* _ASSIGNED TASK_
Reproduce only the lines from the one containing "sic_set_norm[OF S j]]" through the end of the data, exactly as they stand.
*** Opening of DATA FOR THIS TASK ***
lemma sic_shadow_carrier: "sic_shadow \<psi> is \<in> carrier_mat (2 ^ length is) (2 ^ length is)"
proof (induction "is")
  case (Cons i "is")
  then have "dim_row (sic_shadow \<psi> is) = 2 ^ length is" "dim_col (sic_shadow \<psi> is) = 2 ^ length is"
    by auto
  then show ?case
    unfolding sic_shadow_Cons by (intro carrier_matI) simp_all
qed (simp add: sic_shadow_Nil)

text \<open>With the SIC overlaps, \<open>tr (Q\<^sub>i Q\<^sub>j) = 9 |\<langle>\<psi>\<^sub>i|\<psi>\<^sub>j\<rangle>|\<^sup>2 - 4\<close> is \<open>5\<close> on the diagonal and \<open>-1\<close> off it.\<close>
lemma shadow_factor_gram:
  assumes S: "sic_set \<psi>" and i: "i < 4" and j: "j < 4"
  shows "(\<Sum>a<2. \<Sum>b<2. shadow_factor \<psi> i $$ (a, b) * cnj (shadow_factor \<psi> j $$ (a, b))) =
    (if i = j then 6 else 0) - 1"
proof -
  let ?w = "cnj (\<psi> i $ 0) * \<psi> j $ 0 + cnj (\<psi> i $ 1) * \<psi> j $ 1"
  have expand: "(\<Sum>a<2. \<Sum>b<2. (3 * (u a * cnj (u b)) - (if a = b then 1 else 0)) *
        cnj (3 * (v a * cnj (v b)) - (if a = b then 1 else 0)))
      = 9 * ((cnj (u 0) * v 0 + cnj (u 1) * v 1) * cnj (cnj (u 0) * v 0 + cnj (u 1) * v 1))
        - 3 * (cnj (u 0) * u 0 + cnj (u 1) * u 1) - 3 * (cnj (v 0) * v 0 + cnj (v 1) * v 1) + 2"
    for u v :: "nat \<Rightarrow> complex"
    by (simp add: sum_lessThan_2) (simp add: algebra_simps)
  have "(\<Sum>a<2. \<Sum>b<2. shadow_factor \<psi> i $$ (a, b) * cnj (shadow_factor \<psi> j $$ (a, b))) =
      9 * (?w * cnj ?w) - 3 * 1 - 3 * 1 + 2"
    unfolding expand[of "\<lambda>k. \<psi> i $ k" "\<lambda>k. \<psi> j $ k", symmetric, unfolded sic_set_norm[OF S i] sic_set_norm[OF S j]]
    by (intro sum.cong refl) (simp add: index_shadow_factor[OF S i] index_shadow_factor[OF S j])
  also have "\<dots> = (if i = j then 6 else 0) - 1"
  proof (cases "i = j")
    case True
    then show ?thesis
      using sic_set_norm[OF S i] by simp
  next
    case False
    then have w: "?w * cnj ?w = 1/3"
      using sic_set_overlap[OF S i j] complex_norm_square[of ?w] by (metis of_real_divide of_real_1 of_real_numeral)
    have "9 * (?w * cnj ?w) - 3 * 1 - 3 * 1 + 2 = (-1 :: complex)"
      by (simp only: w) simp
    with False show ?thesis by simp
  qed
  finally show ?thesis .
qed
*** Close of DATA FOR THIS TASK ***
* _TASK RESPONSE_
    unfolding expand[of "\<lambda>k. \<psi> i $ k" "\<lambda>k. \<psi> j $ k", symmetric, unfolded sic_set_norm[OF S i] sic_set_norm[OF S j]]
    by (intro sum.cong refl) (simp add: index_shadow_factor[OF S i] index_shadow_factor[OF S j])
  also have "\<dots> = (if i = j then 6 else 0) - 1"
  proof (cases "i = j")
    case True
    then show ?thesis
      using sic_set_norm[OF S i] by simp
  next
    case False
    then have w: "?w * cnj ?w = 1/3"
      using sic_set_overlap[OF S i j] complex_norm_square[of ?w] by (metis of_real_divide of_real_1 of_real_numeral)
    have "9 * (?w * cnj ?w) - 3 * 1 - 3 * 1 + 2 = (-1 :: complex)"
      by (simp only: w) simp
    with False show ?thesis by simp
  qed
  finally show ?thesis .
qed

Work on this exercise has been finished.